## Task
An exact restatement of the records below is expected.

Start of Entries provided

section \<open>The Beatty sequences of \<open>\<phi>\<close> and \<open>\<phi>\<^sup>2\<close>\<close>

lemma frac_times_phi_pos: "1 \<le> x \<Longrightarrow> 0 < frac (real x * phi)"
  using times_phi_not_Ints by simp

lemma frac_times_phi_neq: "frac (real x * phi) \<noteq> 2 - phi"
proof
  assume "frac (real x * phi) = 2 - phi"
  then have "real (x + 1) * phi = of_int (\<lfloor>real x * phi\<rfloor> + 2)"
    by (simp add: frac_def algebra_simps)
  then show False using times_phi_not_Ints[of "x + 1"] by simp
qed

lemma upper_Wythoff_iff:
  assumes "1 \<le> x"
  shows "(\<exists>k::nat. k \<ge> 1 \<and> int x = \<lfloor>phi\<^sup>2 * real k\<rfloor>) \<longleftrightarrow> frac (real x * phi) < 2 - phi"
proof
  assume "\<exists>k::nat. k \<ge> 1 \<and> int x = \<lfloor>phi\<^sup>2 * real k\<rfloor>"
  then obtain k :: nat where k: "int x = \<lfloor>phi\<^sup>2 * real k\<rfloor>" by blast
  have bounds: "real x \<le> (phi + 1) * real k" "(phi + 1) * real k < real x + 1"
    using floor_eq_iff[THEN iffD1, OF k[symmetric]] phi_squared by auto
  have "(phi + 1) * real k * (2 - phi) = (phi + 1) * (2 - phi) * real k"
    by (simp only: ac_simps)
  then have "(phi + 1) * real k * (2 - phi) = real k" by (simp add: phi_plus_1_times_2_minus_phi)
  moreover have "0 < 2 - phi" using phi_bounds by simp
  ultimately have "real x * (2 - phi) \<le> real k" "real k < (real x + 1) * (2 - phi)"
    using bounds by (metis mult_right_mono less_imp_le, metis mult_strict_right_mono)
  moreover have "2 * int x - int k \<le> \<lfloor>real x * phi\<rfloor>"
    unfolding le_floor_iff using calculation(1) by (simp add: algebra_simps)
  ultimately show "frac (real x * phi) < 2 - phi" unfolding frac_def by (simp add: algebra_simps)
next
  assume small: "frac (real x * phi) < 2 - phi"
  define p where "p = \<lfloor>real x * phi\<rfloor>"
  have frac_x: "frac (real x * phi) = real x * phi - p" unfolding frac_def p_def ..
  have "phi\<^sup>2 * of_int (2 * int x - p) = real x + frac (real x * phi) * (phi + 1)"
    unfolding frac_x by (simp add: power2_eq_square phi_mult_phi_mult algebra_simps)
  moreover have "frac (real x * phi) * (phi + 1) < 1"
    using mult_strict_right_mono[OF small, of "phi + 1"] phi_plus_1_times_2_minus_phi phi_bounds
    by (simp add: mult.commute)
  moreover have "0 \<le> frac (real x * phi) * (phi + 1)" using phi_bounds by simp
  ultimately have "\<lfloor>phi\<^sup>2 * of_int (2 * int x - p)\<rfloor> = int x"
    and "0 < phi\<^sup>2 * of_int (2 * int x - p)"
    using assms by (auto intro!: floor_unique)
  moreover from this(2) have "0 < 2 * int x - p" by (simp add: zero_less_mult_iff)
  ultimately show "\<exists>k::nat. k \<ge> 1 \<and> int x = \<lfloor>phi\<^sup>2 * real k\<rfloor>"
    by (intro exI[of _ "nat (2 * int x - p)"]) auto
qed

End of Entries provided

## Result for this exercise
section \<open>The Beatty sequences of \<open>\<phi>\<close> and \<open>\<phi>\<^sup>2\<close>\<close>

lemma frac_times_phi_pos: "1 \<le> x \<Longrightarrow> 0 < frac (real x * phi)"
  using times_phi_not_Ints by simp

lemma frac_times_phi_neq: "frac (real x * phi) \<noteq> 2 - phi"
proof
  assume "frac (real x * phi) = 2 - phi"
  then have "real (x + 1) * phi = of_int (\<lfloor>real x * phi\<rfloor> + 2)"
    by (simp add: frac_def algebra_simps)
  then show False using times_phi_not_Ints[of "x + 1"] by simp
qed

lemma upper_Wythoff_iff:
  assumes "1 \<le> x"
  shows "(\<exists>k::nat. k \<ge> 1 \<and> int x = \<lfloor>phi\<^sup>2 * real k\<rfloor>) \<longleftrightarrow> frac (real x * phi) < 2 - phi"
proof
  assume "\<exists>k::nat. k \<ge> 1 \<and> int x = \<lfloor>phi\<^sup>2 * real k\<rfloor>"
  then obtain k :: nat where k: "int x = \<lfloor>phi\<^sup>2 * real k\<rfloor>" by blast
  have bounds: "real x \<le> (phi + 1) * real k" "(phi + 1) * real k < real x + 1"
    using floor_eq_iff[THEN iffD1, OF k[symmetric]] phi_squared by auto
  have "(phi + 1) * real k * (2 - phi) = (phi + 1) * (2 - phi) * real k"
    by (simp only: ac_simps)
  then have "(phi + 1) * real k * (2 - phi) = real k" by (simp add: phi_plus_1_times_2_minus_phi)
  moreover have "0 < 2 - phi" using phi_bounds by simp
  ultimately have "real x * (2 - phi) \<le> real k" "real k < (real x + 1) * (2 - phi)"
    using bounds by (metis mult_right_mono less_imp_le, metis mult_strict_right_mono)
  moreover have "2 * int x - int k \<le> \<lfloor>real x * phi\<rfloor>"
    unfolding le_floor_iff using calculation(1) by (simp add: algebra_simps)
  ultimately show "frac (real x * phi) < 2 - phi" unfolding frac_def by (simp add: algebra_simps)
next
  assume small: "frac (real x * phi) < 2 - phi"
  define p where "p = \<lfloor>real x * phi\<rfloor>"
  have frac_x: "frac (real x * phi) = real x * phi - p" unfolding frac_def p_def ..
  have "phi\<^sup>2 * of_int (2 * int x - p) = real x + frac (real x * phi) * (phi + 1)"
    unfolding frac_x by (simp add: power2_eq_square phi_mult_phi_mult algebra_simps)
  moreover have "frac (real x * phi) * (phi + 1) < 1"
    using mult_strict_right_mono[OF small, of "phi + 1"] phi_plus_1_times_2_minus_phi phi_bounds
    by (simp add: mult.commute)
  moreover have "0 \<le> frac (real x * phi) * (phi + 1)" using phi_bounds by simp
  ultimately have "\<lfloor>phi\<^sup>2 * of_int (2 * int x - p)\<rfloor> = int x"
    and "0 < phi\<^sup>2 * of_int (2 * int x - p)"
    using assms by (auto intro!: floor_unique)
  moreover from this(2) have "0 < 2 * int x - p" by (simp add: zero_less_mult_iff)
  ultimately show "\<exists>k::nat. k \<ge> 1 \<and> int x = \<lfloor>phi\<^sup>2 * real k\<rfloor>"
    by (intro exI[of _ "nat (2 * int x - p)"]) auto
qed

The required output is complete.